It has been one year since my last article, and here is a quick post indicating that my blog is not down. Instead, it has a new look thanks to blogdown. Yes, pun intended. :-)

blogdown, mostly written by Yihui, is an R package that can help you rapidly create a static blog or website. The package name has nothing to do with the status of a website (as in “the server is down”), but rather follows the convention of other Markdown-based packages such as rmarkdown and bookdown. (As for the name of Markdown, I suspect that it was chosen such that it looked differently from other popular markup languages at that time such as HTML.)

The blogdown package is based on the Hugo blogging system. Compared with the Jekyll system that my old blog was based on, Hugo has some nice features that finally drive me to complete this switch:

  1. The installation is very easy. In fact, it provides a single executable file for most mainstream operating systems.
  2. The blogdown package simplifies this process even more.
  3. Hugo has a decent theming system, and more importantly, it provides a mechanism with which you can import themes developed by others and make your own modifications without messing up the code.

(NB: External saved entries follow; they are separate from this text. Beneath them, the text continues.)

(* Let $X_\Sigma$ be a projective toric variety. For any $x\in Z(\Sigma)$ and any $D\in\mathrm{Amp}(X_\Sigma)_{\mathbf R}$, there is a unique vector $\lambda^D_x\in\Lambda^D_x$ that is $\chi_D$-adapted to $x$, and $M^D(x)=-\|\lambda^D_x\|$.
   Context: $\Sigma$ complete fan, rays $\Sigma(1)$, generators $u_\rho$, divisors $D_\rho$; primitive collections $C\subset\Sigma(1)$ (not contained in $\sigma(1)$ for any cone $\sigma$, every proper subset is); $Z(\Sigma)=\bigcup_CV(x_\rho:\rho\in C)\subset\mathbf C^{\Sigma(1)}$. $G=\mathrm{Hom}(\mathrm{Cl}(X_\Sigma),\mathbf C^\times)$, $\Gamma(G)=\{b\in\mathbf Z^{\Sigma(1)}:\sum b_\rho u_\rho=0\}$, $\langle\chi_D,b\rangle=\sum a_\rho b_\rho$ for $D=\sum a_\rho D_\rho$, extended $\mathbf R$-linearly; $\Gamma(G)_{\mathbf R}\subset\mathbf R^{\Sigma(1)}$ with restricted standard inner product and norm; $\chi_D^*\in\Gamma(G)_{\mathbf R}$ defined by $(\chi_D^*,v)=\langle\chi_D,v\rangle$. $\mathrm{Amp}(X_\Sigma)_{\mathbf R}$ is the ample cone in $\mathrm{Pic}(X_\Sigma)_{\mathbf R}$. For $x\in\mathbf C^{\Sigma(1)}$, $S_x=\{\rho:x_\rho\ne0\}$, $\sigma_x=\{v\in\Gamma(G)_{\mathbf R}:v_\rho\ge0\ \forall\rho\in S_x\}$; for $Z\subset\Sigma(1)$, $W_Z=\{v\in\Gamma(G)_{\mathbf R}:v_\rho=0\ \forall\rho\in Z\}$ and $\mathrm{Proj}_{W_Z}$ is orthogonal projection; $\Lambda^D_x=\{-\mathrm{Proj}_{W_Z}\chi_D^*:Z\subset S_x,\ -\mathrm{Proj}_{W_Z}\chi_D^*\in\sigma_x\}$. $M^D(x)=\inf_{\lambda\in\sigma_x\setminus\{0\}}\langle\chi_D,\lambda\rangle/\|\lambda\|$, and $\lambda\in\Gamma(G)_{\mathbf R}$ is $\chi_D$-adapted to $x$ if $\langle\chi_D,\lambda\rangle/\|\lambda\|=M^D(x)$. *)

theory Defs
  imports "HOL-Analysis.Analysis"
begin

definition lattice_pt :: "real^'n \<Rightarrow> bool" where
  "lattice_pt v \<longleftrightarrow> (\<forall>i. v $ i \<in> \<int>)"

definition gen_cone :: "(real^'n) set \<Rightarrow> (real^'n) set" where
  "gen_cone S = {(\<Sum>s\<in>S. c s *\<^sub>R s) | c. \<forall>s\<in>S. c s \<ge> 0}"

definition rational_polyhedral_cone :: "(real^'n) set \<Rightarrow> bool" where
  "rational_polyhedral_cone C \<longleftrightarrow>
     (\<exists>S. finite S \<and> (\<forall>s\<in>S. lattice_pt s) \<and> C = gen_cone S)"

As I mentioned above, blogdown simplifies the procedure of installing Hugo, downloading a theme, and creating a new site. The following three lines are sufficient for initiating a new blog:

library(blogdown)
install_hugo()  ## run once
new_site(theme = "kakawait/hugo-tranquilpeak-theme")

The theme parameter is optional since it has a default value theme = "yihui/hugo-lithium-theme". The value I specified will use the theme at https://github.com/kakawait/hugo-tranquilpeak-theme (thanks to the theme author!). Then you get a directory of Hugo source files, and the generated static HTML pages in the public folder.

Note that unlike Jekyll blogs that can be directly rendered by Github Pages, Hugo blogs are not yet supported by Github. But fortunately, you can deploy your blog on Netlify by linking a Github repository. There is a nice article talking about this.

For me, the next major steps to fully migrate the blog to Hugo were as follows:

  1. Copying *.md files to the content folder of Hugo site.
  2. Making my customizations of the theme under the layouts folder. The layout files under this folder have higher priority than the imported theme files, so you can easily override some theme functions without polluting the upstream.
  3. Files in the static folder will be located in the website root directory, for example CSS and images.
  4. Push the directory to Github and link to Netlify.
  5. Point the domain name to the new server address as described in this document.

So far all of my posts are plain Markdown files, meaning that they are not dynamic documents that contain executable code. But in fact another attractive feature of blogdown is to allow you writing R-Markdown-style blogs that can be automatically compiled into Markdown with the rendered output. At the time of writing the blogdown package is under active development, and hope its first formal release goes to CRAN soon.